Lucas Hedges, who is in contention for both Boy Erased and Ben Is Back, may compete against himself and split his vote. In comedy, a spot on the actor roster could easily fall to Stan & Ollie’s Steve Coogan, who picked up one of the film’s seven nominations at the British Independent Film Awards.

The route to December 6’s Globes nominations announcement will pass early markers of variable significance such as the National Board of Review’s top 10 list (on November 27) and the New York Film Critics Circle’s annual picks (November 29). Whatever comes to pass with the 2019 Globes, it seems likely that this time some real attention will be paid to the comedy or musical category, and not just — as has often been the case — in drama.
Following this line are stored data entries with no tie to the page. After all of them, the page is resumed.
text \<open>For well-formed graphs, convergence in \<open>\<hat>\<G>_*\<close> says that vertex sets, neighbourhoods
  and roots eventually agree with the limit while the marks converge. Hence every ball around the
  root is eventually literally the same, and the identity witnesses local convergence of the root
  components.

  Conversely, local convergence is first transported to the given representative \<open>G\<close>. A diagonal
  argument yields radii \<open>r n \<rightarrow> \<infinity>\<close> such that the \<open>r n\<close>-ball of \<open>H\<^sub>n\<close> is eventually
  isomorphic to that of \<open>G\<close> with marks \<open>1/(r n + 1)\<close>-close. Relabelling \<open>H\<^sub>n\<close> so that this
  ball is pulled back onto the ball of \<open>G\<close> and all remaining vertices get fresh labels above \<open>n\<close>
  gives representatives that converge to \<open>G\<close> in \<open>\<hat>\<G>_*\<close>: every fixed label eventually
  lies deep inside the ball or below all fresh labels.\<close>

section \<open>Set convergence and filters\<close>

lemma set_conv_iff_eventually:
  "set_conv S L \<longleftrightarrow> (\<forall>x. eventually (\<lambda>n. x \<in> S n \<longleftrightarrow> x \<in> L) sequentially)"
proof -
  have liminf: "x \<in> (\<Union>n. \<Inter>n'\<in>{n<..}. S n') \<longleftrightarrow> eventually (\<lambda>n. x \<in> S n) sequentially" for x
    by (auto simp: eventually_at_top_dense)
  have limsup: "x \<in> (\<Inter>n. \<Union>n'\<in>{n<..}. S n') \<longleftrightarrow> frequently (\<lambda>n. x \<in> S n) sequentially" for x
    by (auto simp: frequently_def eventually_at_top_dense)
  have "(eventually (\<lambda>n. x \<in> S n) sequentially \<longleftrightarrow> x \<in> L) \<and>
        (frequently (\<lambda>n. x \<in> S n) sequentially \<longleftrightarrow> x \<in> L) \<longleftrightarrow>
        eventually (\<lambda>n. x \<in> S n \<longleftrightarrow> x \<in> L) sequentially" for x
    by (cases "x \<in> L")
      (auto simp: frequently_def dest: eventually_frequently[OF sequentially_bot, unfolded frequently_def])
  then show ?thesis
    unfolding set_conv_def set_eq_iff liminf limsup by blast
qed

lemma inf_principal_eq_if_eventually:
  "eventually P F \<Longrightarrow> inf F (principal {x. P x}) = F"
  by (simp add: inf_absorb1 le_principal)

lemma tendsto_if_dist_less_inverse_Suc:
  fixes f :: "'a \<Rightarrow> 'b::metric_space"
  assumes r: "filterlim r at_top F"
    and dist: "eventually (\<lambda>x. dist (f x) l < inverse (real (Suc (r x)))) F"
  shows "(f \<longlongrightarrow> l) F"
proof (rule tendstoI)
  fix \<epsilon> :: real assume "\<epsilon> > 0"
  then obtain M where M: "inverse (real (Suc M)) < \<epsilon>" using reals_Archimedean by blast
  from dist r[unfolded filterlim_at_top, rule_format, of M]
  show "eventually (\<lambda>x. dist (f x) l < \<epsilon>) F"
  proof eventually_elim
    case (elim x)
    then have "inverse (real (Suc (r x))) \<le> inverse (real (Suc M))"
      by (intro le_imp_inverse_le) auto
    with elim M show ?case by linarith
  qed
qed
It has been exactly seven years since a film won the best picture Globe for comedy or musical and then snagged the best picture Oscar — The Artist in 2012. Birdman was a Globe-nominated (but not winning) comedy that went on to snag the best picture Oscar in 2015. The makers and backers of such leading Academy Awards contenders as The Favourite, Green Book and Vice will be hoping that Oscar voters are now ready to get that comedic itch again.